Since 1958, hundreds of cadets have earned degrees in astronautical engineering, space operations, engineering sciences and systems engineering, and every USAFA graduate has taken at least one course in introductory astronautics. Astro majors and faculty have gone on to become astronauts, general officers, corporate CEOs, senior government executives, and in one case, even Secretary of the Air Force. Secretary Wynne was an assistant professor of astronautics as a captain at the Academy in the early 1970s.

"For 50 years, space dominance has grown exponentially more vital to American security and prosperity. Today's joint and coalition warfighters depend upon space professionals and the capabilities you bring to the fight," said Gen. T. Michael Moseley, Air Force Chief of Staff, in a letter to the department. "America eagerly awaits your continued breakthroughs."

Some of those breakthroughs are coming from cadets in the Department of Astronautics designing and building the Academy's fleet of FalconSAT satellites.

FalconSAT-3 launched March 23, 2007, and carries five Department of Defense scientific experiments.

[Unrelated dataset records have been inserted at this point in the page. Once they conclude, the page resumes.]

lemma dyadic_cell_unique:
  assumes "0 < l" "x \<in> dyadic_cell a l n k" "x \<in> dyadic_cell a l n k'"
  shows "k = k'"
proof (rule ccontr)
  assume "k \<noteq> k'"
  then consider "Suc k \<le> k'" | "Suc k' \<le> k" by linarith
  then show False
  proof cases
    case 1
    then have "real (Suc k) * (l / 2^n) \<le> real k' * (l / 2^n)"
      using assms by (intro mult_right_mono) auto
    then show False using assms unfolding dyadic_cell_def dyadic_pt_def by auto
  next
    case 2
    then have "real (Suc k') * (l / 2^n) \<le> real k * (l / 2^n)"
      using assms by (intro mult_right_mono) auto
    then show False using assms unfolding dyadic_cell_def dyadic_pt_def by auto
  qed
qed

lemma dyadic_mean_bisect:
  fixes g :: "real \<Rightarrow> complex"
  assumes "continuous_on UNIV g" "0 < l"
  shows "dyadic_mean g a l n k =
    (dyadic_mean g a l (Suc n) (2 * k) + dyadic_mean g a l (Suc n) (Suc (2 * k))) / 2"
  using interval_mean_bisect[OF continuous_on_subset[OF assms(1)] dyadic_pt_less[OF assms(2)], of a n k]
    dyadic_pt_double[of a l n "Suc k"]
  unfolding dyadic_mean_def dyadic_pt_odd by simp

lemma sum_le_if_at_most_one_nonzero:
  fixes f :: "'a \<Rightarrow> real"
  assumes "finite K" "\<And>k. k \<in> K \<Longrightarrow> 0 \<le> f k \<and> f k \<le> B" "0 \<le> B"
    and "\<And>k k'. k \<in> K \<Longrightarrow> k' \<in> K \<Longrightarrow> f k \<noteq> 0 \<Longrightarrow> f k' \<noteq> 0 \<Longrightarrow> k = k'"
  shows "sum f K \<le> B"
proof (cases "\<exists>k\<in>K. f k \<noteq> 0")
  case True
  then obtain k0 where k0: "k0 \<in> K" "f k0 \<noteq> 0" by blast
  have "sum f K = f k0 + sum f (K - {k0})"
    using assms(1) k0 by (simp add: sum.remove)
  also have "sum f (K - {k0}) = 0"
    using assms(4)[OF k0(1) _ k0(2)] by (intro sum.neutral) auto
  finally show ?thesis using assms(2)[OF k0(1)] by simp
next
  case False
  then have "sum f K = 0" by (intro sum.neutral) auto
  then show ?thesis using assms by simp
qed

lemma sum_powers_of_two_below_le:
  fixes X :: real
  assumes "0 < X"
  shows "(\<Sum>n\<le>N. if 2^n < X then (2::real)^n else 0) \<le> 2 * X \<and>
         (\<Sum>n\<le>N. if 2^n < X then (2::real)^n else 0) \<le> 2^(Suc N) - 1"
proof (induction N)
  case 0
  show ?case using assms by (cases "1 < X") simp_all
next
  case (Suc N)
  define S where "S = (\<Sum>n\<le>N. if 2^n < X then (2::real)^n else 0)"
  have S_Suc: "(\<Sum>n\<le>Suc N. if 2^n < X then (2::real)^n else 0)
      = S + (if 2^(Suc N) < X then (2::real)^(Suc N) else 0)"
    unfolding S_def by (rule sum.atMost_Suc)
  have facts: "S \<le> 2 * X" "S \<le> 2 * 2^N - 1" "(0::real) \<le> 2^N"
    "(2::real)^Suc N = 2 * 2^N" "(2::real)^Suc (Suc N) = 4 * 2^N"
    using Suc unfolding S_def by auto
  show ?case
  proof (cases "(2::real)^(Suc N) < X")
    case True
    then show ?thesis unfolding S_Suc if_P[OF True] using facts by (intro conjI; linarith)
  next
    case False
    then show ?thesis unfolding S_Suc if_not_P[OF False] using facts by (intro conjI; linarith)
  qed
qed

lemma sum_powr_powers_of_two_below_le:
  fixes X q :: real
  assumes "0 < X" "1 \<le> q"
  shows "(\<Sum>n\<le>N. if 2^n < X then ((2::real)^n) powr q else 0) \<le> 2 * X powr q"
proof -
  have "z powr q \<le> X powr (q - 1) * z" if "0 < z" "z < X" for z
  proof -
    have "z powr q = z powr (q - 1) * z" using that powr_add[of z "q - 1" 1] by simp
    also have "\<dots> \<le> X powr (q - 1) * z"
      using assms that by (intro mult_right_mono powr_mono2) auto
    finally show ?thesis .
  qed
  then have "(\<Sum>n\<le>N. if 2^n < X then ((2::real)^n) powr q else 0)
      \<le> (\<Sum>n\<le>N. X powr (q - 1) * (if 2^n < X then (2::real)^n else 0))"
    by (intro sum_mono) auto
  also have "\<dots> = X powr (q - 1) * (\<Sum>n\<le>N. if 2^n < X then (2::real)^n else 0)"
    by (simp add: sum_distrib_left)
  also have "\<dots> \<le> X powr (q - 1) * (2 * X)"
    using sum_powers_of_two_below_le[OF assms(1), of N] by (intro mult_left_mono) auto
  also have "\<dots> = 2 * X powr q"
    using assms by (simp add: powr_diff field_simps)
  finally show ?thesis .
qed

lemma adjacent_dyadic_cells_indicator_sum_le:
  fixes x y a l :: real
  assumes l: "0 < l"
  shows "(\<Sum>k<2^n-1. indicator (dyadic_cell a l n k) x * indicator (dyadic_cell a l n (Suc k)) y)
          \<le> (if 2^n < 2 * l / (y - x) \<and> x < y then (1::real) else 0)"
proof (rule sum_le_if_at_most_one_nonzero)
  fix k :: nat
  show "(0::real) \<le> indicator (dyadic_cell a l n k) x * indicator (dyadic_cell a l n (Suc k)) y \<and>
      indicator (dyadic_cell a l n k) x * indicator (dyadic_cell a l n (Suc k)) y
      \<le> (if 2^n < 2 * l / (y - x) \<and> x < y then (1::real) else 0)"
  proof (cases "x \<in> dyadic_cell a l n k \<and> y \<in> dyadic_cell a l n (Suc k)")
    case True
    define h where "h = l / 2^n"
    have "a + real k * h \<le> x" "x < a + real (Suc k) * h" "a + real (Suc k) * h \<le> y"
       "y < a + real (Suc (Suc k)) * h"
      using True unfolding dyadic_cell_def dyadic_pt_def h_def by auto
    then have "x < y" "y - x < 2 * h" by (simp_all add: algebra_simps)
    then have "2^n < 2 * l / (y - x)" unfolding h_def by (simp add: field_simps)
    then show ?thesis using True \<open>x < y\<close> by (simp add: indicator_def)
  qed (auto simp: indicator_def)
next
  fix k k' :: nat
  assume "indicator (dyadic_cell a l n k) x * indicator (dyadic_cell a l n (Suc k)) y \<noteq> (0::real)"
    "indicator (dyadic_cell a l n k') x * indicator (dyadic_cell a l n (Suc k')) y \<noteq> (0::real)"
  then have "x \<in> dyadic_cell a l n k" "x \<in> dyadic_cell a l n k'"
    by (auto simp: indicator_def split: if_splits)
  then show "k = k'" using dyadic_cell_unique l by blast
qed auto

text \<open>Each pair \<open>(x, y)\<close> lies in adjacent cells of level \<open>n\<close> only if \<open>2\<^sup>n < 2 l / (y - x)\<close>, so the
  levels it sees form a geometric sum dominated by its largest term.\<close>
lemma dyadic_adjacent_weight_le:
  fixes x y a l s :: real
  assumes l: "0 < l" and s: "0 \<le> s" "s \<le> 1"
  shows "(\<Sum>n\<le>N. (2^n) powr (2 + s) *
            (\<Sum>k<2^n-1. indicator (dyadic_cell a l n k) x * indicator (dyadic_cell a l n (Suc k)) y))
         * \<bar>x - y\<bar> powr (2 + s) \<le> 16 * l powr (2 + s)"
proof (cases "x < y")
  case True
  define X where "X = 2 * l / (y - x)"
  have X: "0 < X" using True l by (simp add: X_def)
  have "(\<Sum>n\<le>N. (2^n) powr (2 + s) *
          (\<Sum>k<2^n-1. indicator (dyadic_cell a l n k) x * indicator (dyadic_cell a l n (Suc k)) y))
      \<le> (\<Sum>n\<le>N. if 2^n < X then ((2::real)^n) powr (2 + s) else 0)"
  proof (intro sum_mono)
    fix n
    have "(2^n) powr (2 + s) *
          (\<Sum>k<2^n-1. indicator (dyadic_cell a l n k) x * indicator (dyadic_cell a l n (Suc k)) y)
        \<le> (2^n) powr (2 + s) * (if 2^n < X \<and> x < y then (1::real) else 0)"
      unfolding X_def by (rule mult_left_mono[OF adjacent_dyadic_cells_indicator_sum_le[OF l]]) simp
    then show "(2^n) powr (2 + s) *
          (\<Sum>k<2^n-1. indicator (dyadic_cell a l n k) x * indicator (dyadic_cell a l n (Suc k)) y)
        \<le> (if 2^n < X then ((2::real)^n) powr (2 + s) else 0)"
      using True by (simp split: if_splits add: mult_nonneg_nonpos del: sum_mult_indicator)
  qed
  also have "\<dots> \<le> 2 * X powr (2 + s)"
    using sum_powr_powers_of_two_below_le[OF X, of "2 + s" N] s by simp
  finally have sum_le: "(\<Sum>n\<le>N. (2^n) powr (2 + s) *
          (\<Sum>k<2^n-1. indicator (dyadic_cell a l n k) x * indicator (dyadic_cell a l n (Suc k)) y))
      \<le> 2 * X powr (2 + s)" .
  have "2 * X powr (2 + s) * \<bar>x - y\<bar> powr (2 + s) = 2 * 2 powr (2 + s) * l powr (2 + s)"
    using True l by (simp add: X_def powr_divide powr_mult abs_if)
  also have "\<dots> \<le> 2 * 2 powr 3 * l powr (2 + s)"
    using s by (intro mult_right_mono mult_left_mono powr_mono) auto
  finally show ?thesis
    using mult_right_mono[OF sum_le, of "\<bar>x - y\<bar> powr (2 + s)"] by simp
next
  case False
  then have "indicator (dyadic_cell a l n k) x * indicator (dyadic_cell a l n (Suc k)) y = (0::real)" for n k
    using l unfolding dyadic_cell_def dyadic_pt_def indicator_def by auto
  then have "(\<Sum>k<2^n-1. indicator (dyadic_cell a l n k) x * indicator (dyadic_cell a l n (Suc k)) y) = (0::real)"
    for n by (intro sum.neutral) auto
  then show ?thesis using l by simp
qed

lemma dyadic_adjacent_sum_le_kernel:
  fixes x y a l s G :: real
  assumes l: "0 < l" and s: "0 \<le> s" "s \<le> 1" and G: "0 \<le> G"
  shows "(\<Sum>n\<le>N. \<Sum>k<2^n-1. (2^n) powr (2 + s) / (16 * l powr (2 + s)) *
            (indicator (dyadic_cell a l n k) x * indicator (dyadic_cell a l n (Suc k)) y) * G)
         \<le> indicator ({a..<a + l} \<times> {a..<a + l}) (x, y) * (G / \<bar>x - y\<bar> powr (2 + s))"
proof (cases "x \<in> {a..<a + l} \<and> y \<in> {a..<a + l} \<and> x \<noteq> y")
  case True
  have "(\<Sum>n\<le>N. \<Sum>k<2^n-1. (2^n) powr (2 + s) / (16 * l powr (2 + s)) *
            (indicator (dyadic_cell a l n k) x * indicator (dyadic_cell a l n (Suc k)) y) * G)
      = G / (16 * l powr (2 + s)) * (\<Sum>n\<le>N. (2^n) powr (2 + s) *
            (\<Sum>k<2^n-1. indicator (dyadic_cell a l n k) x * indicator (dyadic_cell a l n (Suc k)) y))"
    unfolding sum_distrib_left by (intro sum.cong refl) (simp add: mult_ac)
  also have "\<dots> \<le> G / (16 * l powr (2 + s)) * (16 * l powr (2 + s) / \<bar>x - y\<bar> powr (2 + s))"
    using dyadic_adjacent_weight_le[OF l s, where N=N and a=a and x=x and y=y] True G l
    by (intro mult_left_mono) (simp_all add: field_simps)
  also have "\<dots> = G / \<bar>x - y\<bar> powr (2 + s)" using l by simp
  finally show ?thesis using True by simp
next
  case False
  have "indicator (dyadic_cell a l n k) x * indicator (dyadic_cell a l n (Suc k)) y = (0::real)"
    if "k < 2^n - 1" for n k
  proof -
    have "dyadic_cell a l n k \<subseteq> {a..<a + l}" "dyadic_cell a l n (Suc k) \<subseteq> {a..<a + l}"
      using that l by (intro dyadic_cell_subset; simp)+
    moreover have "x \<in> dyadic_cell a l n k \<Longrightarrow> y \<in> dyadic_cell a l n (Suc k) \<Longrightarrow> x \<noteq> y"
      unfolding dyadic_cell_def dyadic_pt_def using l by auto
    ultimately show ?thesis using False by (auto simp: indicator_def)
  qed
  then have "(\<Sum>n\<le>N. \<Sum>k<2^n-1. (2^n) powr (2 + s) / (16 * l powr (2 + s)) *
            (indicator (dyadic_cell a l n k) x * indicator (dyadic_cell a l n (Suc k)) y) * G) = 0"
    by (intro sum.neutral ballI) simp
  then show ?thesis using G by simp
qed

Cadets and faculty now control those experiments and satellite operations from the Academy's ground control station, and are currently at work on FalconSAT-5.

The second sat cadets control came from NASA. When the Gravity Probe-B satellite finished its scientific experiment mission in 2005, NASA turned control of the satellite over to the Academy, so cadets can learn ground control operations.

The Department of Astronautics also continues its development of its FalconLaunch sounding rocket series, working to design a rapid responsive rocket capable of carrying a small military or scientific payload to an altitude of 100 kilometers. Last year's rocket made it to Mach 3.5 and 15,000 feet in a May 22, 2007 launch from a NASA facility in Virginia. This year's rocket, FalconLaunch VI, incorporates some design changes and is slated for launch later this semester.